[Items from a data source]
▬▬▬

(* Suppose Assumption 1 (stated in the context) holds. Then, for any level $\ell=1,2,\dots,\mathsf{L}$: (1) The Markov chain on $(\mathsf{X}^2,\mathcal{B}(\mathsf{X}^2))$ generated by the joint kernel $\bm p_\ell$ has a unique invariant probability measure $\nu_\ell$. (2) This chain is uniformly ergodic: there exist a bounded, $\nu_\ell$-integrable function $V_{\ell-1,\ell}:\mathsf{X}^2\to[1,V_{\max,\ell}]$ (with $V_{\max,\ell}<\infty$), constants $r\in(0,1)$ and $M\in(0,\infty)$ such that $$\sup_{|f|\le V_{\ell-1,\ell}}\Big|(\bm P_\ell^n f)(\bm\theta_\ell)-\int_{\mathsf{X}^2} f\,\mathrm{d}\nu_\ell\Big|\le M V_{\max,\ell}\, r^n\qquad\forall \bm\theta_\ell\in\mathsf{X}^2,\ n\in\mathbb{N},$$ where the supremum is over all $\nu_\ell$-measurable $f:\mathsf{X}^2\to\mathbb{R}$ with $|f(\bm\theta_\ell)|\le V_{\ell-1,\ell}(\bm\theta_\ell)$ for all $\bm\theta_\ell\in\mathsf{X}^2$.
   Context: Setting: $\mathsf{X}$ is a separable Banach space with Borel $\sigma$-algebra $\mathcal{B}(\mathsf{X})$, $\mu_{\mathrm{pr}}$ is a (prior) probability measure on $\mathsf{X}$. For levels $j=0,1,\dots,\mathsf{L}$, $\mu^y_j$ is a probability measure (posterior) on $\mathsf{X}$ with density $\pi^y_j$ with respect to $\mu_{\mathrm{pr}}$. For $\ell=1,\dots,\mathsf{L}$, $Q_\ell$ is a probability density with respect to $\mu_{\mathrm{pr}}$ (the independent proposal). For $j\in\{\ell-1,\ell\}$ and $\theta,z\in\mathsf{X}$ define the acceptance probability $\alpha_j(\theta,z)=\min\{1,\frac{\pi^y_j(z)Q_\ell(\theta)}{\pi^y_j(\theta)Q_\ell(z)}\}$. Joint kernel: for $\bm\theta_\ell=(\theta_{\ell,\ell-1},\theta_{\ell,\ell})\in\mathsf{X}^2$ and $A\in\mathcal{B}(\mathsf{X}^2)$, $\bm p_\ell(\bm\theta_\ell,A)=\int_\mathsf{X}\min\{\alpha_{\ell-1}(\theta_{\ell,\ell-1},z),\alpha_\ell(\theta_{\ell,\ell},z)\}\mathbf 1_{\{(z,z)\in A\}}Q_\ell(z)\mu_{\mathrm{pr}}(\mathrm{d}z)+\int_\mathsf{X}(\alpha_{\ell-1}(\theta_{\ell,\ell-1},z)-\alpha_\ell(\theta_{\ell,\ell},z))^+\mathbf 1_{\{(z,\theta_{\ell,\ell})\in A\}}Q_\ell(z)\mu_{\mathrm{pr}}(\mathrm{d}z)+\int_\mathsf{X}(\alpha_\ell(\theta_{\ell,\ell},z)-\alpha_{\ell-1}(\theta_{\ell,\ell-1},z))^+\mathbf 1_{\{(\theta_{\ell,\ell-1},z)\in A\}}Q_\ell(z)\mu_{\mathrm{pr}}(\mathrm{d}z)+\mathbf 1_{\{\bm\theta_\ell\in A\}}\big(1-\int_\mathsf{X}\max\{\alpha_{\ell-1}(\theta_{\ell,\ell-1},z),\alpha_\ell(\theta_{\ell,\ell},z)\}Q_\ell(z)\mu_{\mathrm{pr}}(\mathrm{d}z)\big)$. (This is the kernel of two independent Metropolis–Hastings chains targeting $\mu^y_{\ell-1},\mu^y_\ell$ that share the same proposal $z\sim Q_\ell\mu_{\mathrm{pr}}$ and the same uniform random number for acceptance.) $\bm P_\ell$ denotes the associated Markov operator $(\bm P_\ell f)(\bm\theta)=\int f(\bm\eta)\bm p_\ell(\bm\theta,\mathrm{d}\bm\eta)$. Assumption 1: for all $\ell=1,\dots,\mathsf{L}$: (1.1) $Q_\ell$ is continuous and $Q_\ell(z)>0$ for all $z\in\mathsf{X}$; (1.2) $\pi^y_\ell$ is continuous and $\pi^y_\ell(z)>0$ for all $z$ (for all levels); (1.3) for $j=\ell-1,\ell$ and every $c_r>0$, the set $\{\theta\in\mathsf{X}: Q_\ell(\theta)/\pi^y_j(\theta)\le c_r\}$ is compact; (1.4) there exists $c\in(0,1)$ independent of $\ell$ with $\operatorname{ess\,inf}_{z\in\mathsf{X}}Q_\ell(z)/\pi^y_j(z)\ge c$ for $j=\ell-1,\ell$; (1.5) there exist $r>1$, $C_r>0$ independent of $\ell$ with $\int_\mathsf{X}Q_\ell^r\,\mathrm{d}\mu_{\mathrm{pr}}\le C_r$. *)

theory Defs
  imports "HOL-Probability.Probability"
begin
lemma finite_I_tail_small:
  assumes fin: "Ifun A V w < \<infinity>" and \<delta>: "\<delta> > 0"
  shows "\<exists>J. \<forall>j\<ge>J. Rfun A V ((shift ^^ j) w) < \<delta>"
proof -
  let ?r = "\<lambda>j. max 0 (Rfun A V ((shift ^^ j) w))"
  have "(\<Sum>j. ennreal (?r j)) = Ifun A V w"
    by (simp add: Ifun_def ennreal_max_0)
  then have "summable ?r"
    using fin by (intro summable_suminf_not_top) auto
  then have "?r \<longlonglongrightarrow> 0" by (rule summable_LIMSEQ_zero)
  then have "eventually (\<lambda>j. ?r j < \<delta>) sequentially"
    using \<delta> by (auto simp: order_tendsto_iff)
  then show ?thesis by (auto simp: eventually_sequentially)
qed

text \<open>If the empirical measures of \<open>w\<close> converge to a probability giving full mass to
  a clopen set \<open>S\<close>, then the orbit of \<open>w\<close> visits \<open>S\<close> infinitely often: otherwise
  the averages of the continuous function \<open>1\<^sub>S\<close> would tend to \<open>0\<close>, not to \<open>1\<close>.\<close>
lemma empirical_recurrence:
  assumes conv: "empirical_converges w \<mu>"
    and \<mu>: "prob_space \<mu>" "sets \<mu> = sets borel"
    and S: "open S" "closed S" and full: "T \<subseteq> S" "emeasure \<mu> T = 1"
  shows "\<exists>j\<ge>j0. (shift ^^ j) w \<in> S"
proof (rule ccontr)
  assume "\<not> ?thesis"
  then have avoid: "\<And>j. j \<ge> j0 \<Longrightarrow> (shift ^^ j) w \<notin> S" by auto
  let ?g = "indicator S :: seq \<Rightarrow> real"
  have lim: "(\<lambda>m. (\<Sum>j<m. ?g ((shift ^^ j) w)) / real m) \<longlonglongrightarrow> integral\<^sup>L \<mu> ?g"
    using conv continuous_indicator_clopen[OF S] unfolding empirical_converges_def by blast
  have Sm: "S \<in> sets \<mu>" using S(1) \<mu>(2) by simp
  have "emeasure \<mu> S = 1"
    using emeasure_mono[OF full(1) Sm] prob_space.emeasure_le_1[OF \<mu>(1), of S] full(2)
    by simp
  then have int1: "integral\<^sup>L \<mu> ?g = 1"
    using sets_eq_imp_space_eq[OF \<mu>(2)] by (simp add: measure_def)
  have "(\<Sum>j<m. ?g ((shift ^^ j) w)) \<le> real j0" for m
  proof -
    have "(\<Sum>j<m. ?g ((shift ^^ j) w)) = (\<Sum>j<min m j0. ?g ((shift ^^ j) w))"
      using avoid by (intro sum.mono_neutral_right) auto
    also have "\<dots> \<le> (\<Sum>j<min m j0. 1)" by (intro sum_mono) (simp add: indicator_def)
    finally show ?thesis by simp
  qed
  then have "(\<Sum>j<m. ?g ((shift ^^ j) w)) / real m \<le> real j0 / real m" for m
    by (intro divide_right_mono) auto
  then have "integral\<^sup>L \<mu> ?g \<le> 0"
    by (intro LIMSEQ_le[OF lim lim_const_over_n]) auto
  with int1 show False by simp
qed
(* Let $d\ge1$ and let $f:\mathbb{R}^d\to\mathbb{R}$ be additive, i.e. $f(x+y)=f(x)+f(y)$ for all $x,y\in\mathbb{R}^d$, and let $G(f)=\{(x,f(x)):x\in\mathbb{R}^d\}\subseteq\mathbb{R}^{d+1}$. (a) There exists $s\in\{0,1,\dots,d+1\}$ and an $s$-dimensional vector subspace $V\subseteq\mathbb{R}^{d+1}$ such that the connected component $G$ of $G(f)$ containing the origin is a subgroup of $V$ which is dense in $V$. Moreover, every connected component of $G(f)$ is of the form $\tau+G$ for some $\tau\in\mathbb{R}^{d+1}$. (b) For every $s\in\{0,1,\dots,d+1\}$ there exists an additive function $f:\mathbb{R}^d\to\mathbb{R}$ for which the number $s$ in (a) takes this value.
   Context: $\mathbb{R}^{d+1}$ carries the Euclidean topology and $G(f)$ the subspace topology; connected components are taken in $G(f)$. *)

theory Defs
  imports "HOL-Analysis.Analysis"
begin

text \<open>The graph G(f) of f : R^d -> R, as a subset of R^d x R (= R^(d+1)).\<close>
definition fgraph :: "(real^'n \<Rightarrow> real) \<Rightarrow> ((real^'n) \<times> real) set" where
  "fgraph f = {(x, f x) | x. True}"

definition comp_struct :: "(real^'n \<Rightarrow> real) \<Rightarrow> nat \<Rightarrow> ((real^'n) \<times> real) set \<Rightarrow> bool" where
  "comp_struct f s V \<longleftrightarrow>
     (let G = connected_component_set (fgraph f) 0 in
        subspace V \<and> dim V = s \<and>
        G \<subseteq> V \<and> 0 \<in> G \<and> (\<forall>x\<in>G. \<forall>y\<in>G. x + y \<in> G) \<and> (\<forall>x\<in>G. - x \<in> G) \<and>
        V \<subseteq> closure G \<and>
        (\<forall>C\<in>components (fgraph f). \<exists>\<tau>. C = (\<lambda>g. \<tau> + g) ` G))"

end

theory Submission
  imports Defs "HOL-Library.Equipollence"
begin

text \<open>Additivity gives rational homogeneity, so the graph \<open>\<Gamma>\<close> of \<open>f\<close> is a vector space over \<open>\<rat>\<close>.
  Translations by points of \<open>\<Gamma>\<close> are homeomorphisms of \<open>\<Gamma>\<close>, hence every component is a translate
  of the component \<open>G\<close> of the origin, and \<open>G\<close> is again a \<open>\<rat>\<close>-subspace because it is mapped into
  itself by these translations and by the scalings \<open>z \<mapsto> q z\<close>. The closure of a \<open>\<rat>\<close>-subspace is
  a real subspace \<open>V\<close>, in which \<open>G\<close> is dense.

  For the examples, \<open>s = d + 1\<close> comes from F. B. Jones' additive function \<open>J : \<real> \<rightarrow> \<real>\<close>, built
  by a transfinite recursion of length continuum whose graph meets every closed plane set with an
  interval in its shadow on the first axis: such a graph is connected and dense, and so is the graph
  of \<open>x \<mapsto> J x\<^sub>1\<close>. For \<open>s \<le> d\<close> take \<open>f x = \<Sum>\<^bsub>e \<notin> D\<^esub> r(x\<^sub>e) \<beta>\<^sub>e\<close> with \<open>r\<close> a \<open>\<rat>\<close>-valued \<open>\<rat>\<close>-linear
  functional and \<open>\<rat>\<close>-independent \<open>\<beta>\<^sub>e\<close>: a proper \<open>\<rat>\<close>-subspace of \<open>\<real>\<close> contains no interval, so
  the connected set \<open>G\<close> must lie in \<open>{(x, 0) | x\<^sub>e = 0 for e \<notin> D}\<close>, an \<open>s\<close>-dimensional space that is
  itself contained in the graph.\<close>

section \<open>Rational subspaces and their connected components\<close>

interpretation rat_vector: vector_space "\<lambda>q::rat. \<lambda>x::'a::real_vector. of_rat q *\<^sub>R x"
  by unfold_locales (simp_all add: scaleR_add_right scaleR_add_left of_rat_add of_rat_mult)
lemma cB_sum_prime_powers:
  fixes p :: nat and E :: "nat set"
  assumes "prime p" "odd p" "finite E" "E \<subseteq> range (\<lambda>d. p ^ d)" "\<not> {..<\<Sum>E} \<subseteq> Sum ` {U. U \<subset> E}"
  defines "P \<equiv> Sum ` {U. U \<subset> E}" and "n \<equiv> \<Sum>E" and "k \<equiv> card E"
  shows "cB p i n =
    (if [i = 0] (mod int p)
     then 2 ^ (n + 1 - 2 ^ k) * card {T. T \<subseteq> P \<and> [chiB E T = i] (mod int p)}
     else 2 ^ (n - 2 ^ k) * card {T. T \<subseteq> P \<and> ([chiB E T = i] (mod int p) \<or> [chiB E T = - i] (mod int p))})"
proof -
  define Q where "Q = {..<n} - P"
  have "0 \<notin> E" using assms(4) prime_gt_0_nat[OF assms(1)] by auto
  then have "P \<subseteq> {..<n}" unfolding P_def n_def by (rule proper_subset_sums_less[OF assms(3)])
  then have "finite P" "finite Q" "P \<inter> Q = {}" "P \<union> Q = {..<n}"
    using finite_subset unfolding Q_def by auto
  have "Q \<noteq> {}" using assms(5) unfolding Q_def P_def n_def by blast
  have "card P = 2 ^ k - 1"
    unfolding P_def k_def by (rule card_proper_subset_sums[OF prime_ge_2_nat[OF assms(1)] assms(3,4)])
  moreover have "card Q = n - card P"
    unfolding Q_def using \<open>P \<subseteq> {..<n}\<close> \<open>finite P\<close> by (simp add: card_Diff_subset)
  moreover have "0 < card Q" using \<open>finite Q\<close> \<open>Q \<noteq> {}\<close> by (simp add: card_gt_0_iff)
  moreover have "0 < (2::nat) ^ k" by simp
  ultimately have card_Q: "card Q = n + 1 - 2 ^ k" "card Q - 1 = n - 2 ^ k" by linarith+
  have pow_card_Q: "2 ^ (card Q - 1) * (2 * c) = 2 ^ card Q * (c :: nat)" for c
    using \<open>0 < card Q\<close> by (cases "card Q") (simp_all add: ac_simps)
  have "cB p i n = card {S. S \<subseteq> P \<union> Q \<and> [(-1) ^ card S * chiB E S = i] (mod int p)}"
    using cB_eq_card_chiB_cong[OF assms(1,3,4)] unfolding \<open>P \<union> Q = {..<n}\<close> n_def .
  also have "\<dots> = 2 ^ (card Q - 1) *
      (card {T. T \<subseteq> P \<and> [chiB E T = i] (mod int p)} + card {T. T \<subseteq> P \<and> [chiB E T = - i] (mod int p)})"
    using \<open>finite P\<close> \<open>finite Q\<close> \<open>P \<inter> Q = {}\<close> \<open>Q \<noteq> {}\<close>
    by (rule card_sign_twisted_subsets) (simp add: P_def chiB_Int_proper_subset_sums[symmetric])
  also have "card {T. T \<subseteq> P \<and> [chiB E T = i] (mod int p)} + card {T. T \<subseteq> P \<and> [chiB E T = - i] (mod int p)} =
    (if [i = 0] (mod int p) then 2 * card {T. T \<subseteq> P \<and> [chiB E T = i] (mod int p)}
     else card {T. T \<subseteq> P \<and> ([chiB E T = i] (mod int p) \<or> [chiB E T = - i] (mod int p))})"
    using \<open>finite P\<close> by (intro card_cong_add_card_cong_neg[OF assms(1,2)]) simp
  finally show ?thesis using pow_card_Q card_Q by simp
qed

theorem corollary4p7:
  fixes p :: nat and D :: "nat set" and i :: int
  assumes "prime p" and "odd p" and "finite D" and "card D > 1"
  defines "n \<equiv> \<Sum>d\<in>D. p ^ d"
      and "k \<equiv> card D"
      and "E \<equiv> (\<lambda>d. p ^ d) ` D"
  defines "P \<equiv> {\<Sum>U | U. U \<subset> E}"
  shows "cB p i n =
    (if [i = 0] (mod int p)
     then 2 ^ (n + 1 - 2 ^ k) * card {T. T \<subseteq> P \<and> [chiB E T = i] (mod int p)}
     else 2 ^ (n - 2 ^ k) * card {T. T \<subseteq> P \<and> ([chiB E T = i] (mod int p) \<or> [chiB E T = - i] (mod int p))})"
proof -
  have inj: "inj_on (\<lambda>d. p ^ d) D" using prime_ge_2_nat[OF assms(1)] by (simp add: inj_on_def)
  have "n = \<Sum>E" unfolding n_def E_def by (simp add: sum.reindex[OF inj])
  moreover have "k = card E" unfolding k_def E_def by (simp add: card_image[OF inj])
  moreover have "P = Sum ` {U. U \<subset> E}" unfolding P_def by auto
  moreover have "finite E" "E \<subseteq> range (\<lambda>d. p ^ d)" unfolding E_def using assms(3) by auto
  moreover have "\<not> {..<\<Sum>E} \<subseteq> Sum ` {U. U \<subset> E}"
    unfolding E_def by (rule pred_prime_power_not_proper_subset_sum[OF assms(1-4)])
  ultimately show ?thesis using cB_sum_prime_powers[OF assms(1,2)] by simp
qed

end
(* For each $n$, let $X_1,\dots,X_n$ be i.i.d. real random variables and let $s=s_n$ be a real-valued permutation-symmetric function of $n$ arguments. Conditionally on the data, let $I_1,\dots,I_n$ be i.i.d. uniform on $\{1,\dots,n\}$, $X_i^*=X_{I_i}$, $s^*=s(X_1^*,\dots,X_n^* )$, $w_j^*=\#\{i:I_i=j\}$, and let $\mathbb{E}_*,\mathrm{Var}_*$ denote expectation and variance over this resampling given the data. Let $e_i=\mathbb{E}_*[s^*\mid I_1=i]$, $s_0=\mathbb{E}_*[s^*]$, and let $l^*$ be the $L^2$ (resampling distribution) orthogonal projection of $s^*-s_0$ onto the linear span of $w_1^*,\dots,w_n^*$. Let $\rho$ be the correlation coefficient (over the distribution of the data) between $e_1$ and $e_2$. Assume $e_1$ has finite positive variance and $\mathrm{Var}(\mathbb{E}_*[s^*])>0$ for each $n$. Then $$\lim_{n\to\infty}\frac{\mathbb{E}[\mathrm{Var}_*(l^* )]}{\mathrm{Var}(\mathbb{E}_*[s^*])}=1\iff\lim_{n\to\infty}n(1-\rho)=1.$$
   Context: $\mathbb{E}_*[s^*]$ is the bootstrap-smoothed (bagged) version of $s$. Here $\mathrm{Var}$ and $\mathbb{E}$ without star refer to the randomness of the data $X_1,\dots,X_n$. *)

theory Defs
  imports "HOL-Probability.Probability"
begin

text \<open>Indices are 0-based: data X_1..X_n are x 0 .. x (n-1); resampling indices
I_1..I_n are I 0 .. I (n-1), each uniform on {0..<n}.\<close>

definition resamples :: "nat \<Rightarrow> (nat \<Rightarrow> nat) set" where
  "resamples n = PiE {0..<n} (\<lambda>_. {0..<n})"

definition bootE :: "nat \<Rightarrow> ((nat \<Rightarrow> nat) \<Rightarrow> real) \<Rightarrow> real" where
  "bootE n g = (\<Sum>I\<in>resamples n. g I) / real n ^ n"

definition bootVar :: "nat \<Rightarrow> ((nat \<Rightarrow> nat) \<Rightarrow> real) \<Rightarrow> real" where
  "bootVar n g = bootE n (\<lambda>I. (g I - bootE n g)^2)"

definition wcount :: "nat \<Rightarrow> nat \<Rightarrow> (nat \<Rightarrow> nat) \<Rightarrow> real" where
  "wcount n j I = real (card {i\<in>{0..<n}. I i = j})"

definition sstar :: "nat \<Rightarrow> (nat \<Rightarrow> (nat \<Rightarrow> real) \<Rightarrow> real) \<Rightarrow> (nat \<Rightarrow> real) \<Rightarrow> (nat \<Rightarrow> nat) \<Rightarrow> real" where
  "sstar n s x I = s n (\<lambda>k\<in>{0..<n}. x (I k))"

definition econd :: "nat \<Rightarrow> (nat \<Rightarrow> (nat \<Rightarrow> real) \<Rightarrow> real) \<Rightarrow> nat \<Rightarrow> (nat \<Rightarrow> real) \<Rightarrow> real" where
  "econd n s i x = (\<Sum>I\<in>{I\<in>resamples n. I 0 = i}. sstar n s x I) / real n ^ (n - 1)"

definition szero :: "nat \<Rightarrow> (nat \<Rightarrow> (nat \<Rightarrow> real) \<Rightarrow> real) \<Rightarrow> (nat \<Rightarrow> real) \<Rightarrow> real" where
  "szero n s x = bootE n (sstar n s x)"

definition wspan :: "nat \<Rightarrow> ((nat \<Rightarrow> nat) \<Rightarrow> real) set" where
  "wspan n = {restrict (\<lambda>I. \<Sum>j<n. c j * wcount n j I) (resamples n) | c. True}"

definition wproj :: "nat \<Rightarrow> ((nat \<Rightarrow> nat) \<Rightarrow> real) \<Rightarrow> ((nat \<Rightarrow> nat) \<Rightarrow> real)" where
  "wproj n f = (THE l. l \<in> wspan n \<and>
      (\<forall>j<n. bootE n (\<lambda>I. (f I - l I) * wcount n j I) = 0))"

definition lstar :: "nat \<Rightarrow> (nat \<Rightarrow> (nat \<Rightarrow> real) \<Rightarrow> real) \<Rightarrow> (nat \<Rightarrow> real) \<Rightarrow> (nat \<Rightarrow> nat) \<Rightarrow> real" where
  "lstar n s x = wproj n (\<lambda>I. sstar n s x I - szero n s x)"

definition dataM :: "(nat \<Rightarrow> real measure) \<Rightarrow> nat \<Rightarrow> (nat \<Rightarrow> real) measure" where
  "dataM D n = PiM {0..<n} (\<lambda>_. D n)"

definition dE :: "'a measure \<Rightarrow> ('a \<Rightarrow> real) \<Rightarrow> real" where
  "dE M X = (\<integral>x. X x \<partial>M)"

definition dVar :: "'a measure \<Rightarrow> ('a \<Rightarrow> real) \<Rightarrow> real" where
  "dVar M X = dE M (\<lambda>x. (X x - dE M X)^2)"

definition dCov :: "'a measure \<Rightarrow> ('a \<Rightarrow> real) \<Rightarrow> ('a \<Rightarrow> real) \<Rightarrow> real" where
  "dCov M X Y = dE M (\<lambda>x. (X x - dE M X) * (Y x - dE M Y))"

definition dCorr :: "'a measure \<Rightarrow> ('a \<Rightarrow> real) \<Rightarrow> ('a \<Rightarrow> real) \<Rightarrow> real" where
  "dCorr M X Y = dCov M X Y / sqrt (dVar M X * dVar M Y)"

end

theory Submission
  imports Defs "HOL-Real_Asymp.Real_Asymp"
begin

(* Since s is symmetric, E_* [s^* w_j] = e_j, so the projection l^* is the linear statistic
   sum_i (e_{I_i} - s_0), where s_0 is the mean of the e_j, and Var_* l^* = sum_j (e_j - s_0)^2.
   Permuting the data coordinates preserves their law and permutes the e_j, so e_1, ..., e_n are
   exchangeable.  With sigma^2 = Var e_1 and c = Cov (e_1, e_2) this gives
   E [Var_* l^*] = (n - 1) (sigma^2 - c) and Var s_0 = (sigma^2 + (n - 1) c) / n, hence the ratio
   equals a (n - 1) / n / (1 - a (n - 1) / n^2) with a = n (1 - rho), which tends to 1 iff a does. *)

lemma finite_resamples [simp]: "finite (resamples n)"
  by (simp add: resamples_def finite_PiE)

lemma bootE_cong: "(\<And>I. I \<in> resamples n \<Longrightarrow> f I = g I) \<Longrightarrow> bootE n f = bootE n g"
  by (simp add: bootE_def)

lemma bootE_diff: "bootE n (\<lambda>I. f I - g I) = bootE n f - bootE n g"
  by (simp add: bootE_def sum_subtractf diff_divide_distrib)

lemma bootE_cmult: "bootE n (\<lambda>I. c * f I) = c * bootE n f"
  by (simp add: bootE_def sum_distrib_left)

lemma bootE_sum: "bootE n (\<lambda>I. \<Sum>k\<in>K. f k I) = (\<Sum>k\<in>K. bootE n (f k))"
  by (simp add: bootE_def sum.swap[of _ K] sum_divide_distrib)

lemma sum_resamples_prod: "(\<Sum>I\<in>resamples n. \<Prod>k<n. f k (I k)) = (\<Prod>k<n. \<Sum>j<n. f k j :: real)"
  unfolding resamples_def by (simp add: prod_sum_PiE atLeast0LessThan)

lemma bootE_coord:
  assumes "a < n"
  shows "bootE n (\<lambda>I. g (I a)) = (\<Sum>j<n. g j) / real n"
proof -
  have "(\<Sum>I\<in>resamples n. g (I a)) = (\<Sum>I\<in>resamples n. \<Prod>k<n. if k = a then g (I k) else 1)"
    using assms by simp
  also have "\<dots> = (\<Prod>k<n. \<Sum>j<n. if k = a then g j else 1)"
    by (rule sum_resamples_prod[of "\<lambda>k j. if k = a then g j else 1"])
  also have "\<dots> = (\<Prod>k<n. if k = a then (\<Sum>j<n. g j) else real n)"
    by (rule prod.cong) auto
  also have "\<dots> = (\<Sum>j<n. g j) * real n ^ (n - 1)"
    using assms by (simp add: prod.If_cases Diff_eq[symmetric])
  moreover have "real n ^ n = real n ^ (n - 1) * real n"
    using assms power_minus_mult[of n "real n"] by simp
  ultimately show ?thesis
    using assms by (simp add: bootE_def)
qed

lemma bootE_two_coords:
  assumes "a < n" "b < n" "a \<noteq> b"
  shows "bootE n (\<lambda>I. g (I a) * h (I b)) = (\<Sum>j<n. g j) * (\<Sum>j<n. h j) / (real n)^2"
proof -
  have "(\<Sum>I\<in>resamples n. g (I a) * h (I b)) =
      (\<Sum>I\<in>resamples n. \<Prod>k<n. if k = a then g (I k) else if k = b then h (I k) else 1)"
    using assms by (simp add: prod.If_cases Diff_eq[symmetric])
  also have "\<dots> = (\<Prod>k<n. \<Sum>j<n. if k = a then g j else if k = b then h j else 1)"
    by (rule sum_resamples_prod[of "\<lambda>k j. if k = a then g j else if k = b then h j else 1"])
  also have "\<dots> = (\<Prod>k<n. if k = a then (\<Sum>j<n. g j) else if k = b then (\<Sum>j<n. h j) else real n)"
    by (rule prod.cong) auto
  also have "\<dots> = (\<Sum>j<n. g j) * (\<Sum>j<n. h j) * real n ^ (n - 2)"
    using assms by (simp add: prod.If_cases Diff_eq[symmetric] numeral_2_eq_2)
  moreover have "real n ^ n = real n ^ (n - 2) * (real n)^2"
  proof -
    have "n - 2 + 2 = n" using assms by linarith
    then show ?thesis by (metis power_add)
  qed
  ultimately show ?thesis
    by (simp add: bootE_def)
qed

▬▬▬

• TASK DIRECTIONS: Looking at the entries above, can you reproduce exactly the lines from the one that holds "e_2) this gives" through the one that holds "n (\<lambda>I. f", and only those?

• YOUR SOLUTION:
   exchangeable.  With sigma^2 = Var e_1 and c = Cov (e_1, e_2) this gives
   E [Var_* l^*] = (n - 1) (sigma^2 - c) and Var s_0 = (sigma^2 + (n - 1) c) / n, hence the ratio
   equals a (n - 1) / n / (1 - a (n - 1) / n^2) with a = n (1 - rho), which tends to 1 iff a does. *)

lemma finite_resamples [simp]: "finite (resamples n)"
  by (simp add: resamples_def finite_PiE)

lemma bootE_cong: "(\<And>I. I \<in> resamples n \<Longrightarrow> f I = g I) \<Longrightarrow> bootE n f = bootE n g"
  by (simp add: bootE_def)

lemma bootE_diff: "bootE n (\<lambda>I. f I - g I) = bootE n f - bootE n g"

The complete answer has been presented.